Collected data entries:
┄┄┄┄┄┄

lemma minimal_blocking_set_Diff:
  assumes "finite V" "minimal_blocking_set V E Y" "Y' \<subset> Y"
  shows "minimal_blocking_set (V - Y') E (Y - Y')"
proof -
  obtain C0 where C0: "min_vertex_cover V E C0" "Y' \<subseteq> C0"
    using proper_subset_of_minimal_blocking_set[OF assms(2,3)] by blast
  note delete_iff = blocking_set_delete_iff[OF assms(1) C0]
  have "(Y - Y') \<inter> Y' = {}" "(Y - Y') \<union> Y' = Y" using assms(3) by blast+
  then have "blocking_set (V - Y') E (Y - Y')"
    using delete_iff assms(2) unfolding minimal_blocking_set_def by simp
  moreover have "\<not> blocking_set (V - Y') E W" if "W \<subset> Y - Y'" for W
  proof -
    have "W \<union> Y' \<subset> Y" using that assms(3) by blast
    then have "\<not> blocking_set V E (W \<union> Y')" using assms(2) unfolding minimal_blocking_set_def by blast
    then show ?thesis using delete_iff by simp
  qed
  ultimately show ?thesis unfolding minimal_blocking_set_def by blast
qed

┄┄┄┄┄┄

AIM OF THE TASK: Give again, exactly as written, the lines running from the first line of the data above through the line that contains "assms(3) by blast+".

EXERCISE SOLUTION:
lemma minimal_blocking_set_Diff:
  assumes "finite V" "minimal_blocking_set V E Y" "Y' \<subset> Y"
  shows "minimal_blocking_set (V - Y') E (Y - Y')"
proof -
  obtain C0 where C0: "min_vertex_cover V E C0" "Y' \<subseteq> C0"
    using proper_subset_of_minimal_blocking_set[OF assms(2,3)] by blast
  note delete_iff = blocking_set_delete_iff[OF assms(1) C0]
  have "(Y - Y') \<inter> Y' = {}" "(Y - Y') \<union> Y' = Y" using assms(3) by blast+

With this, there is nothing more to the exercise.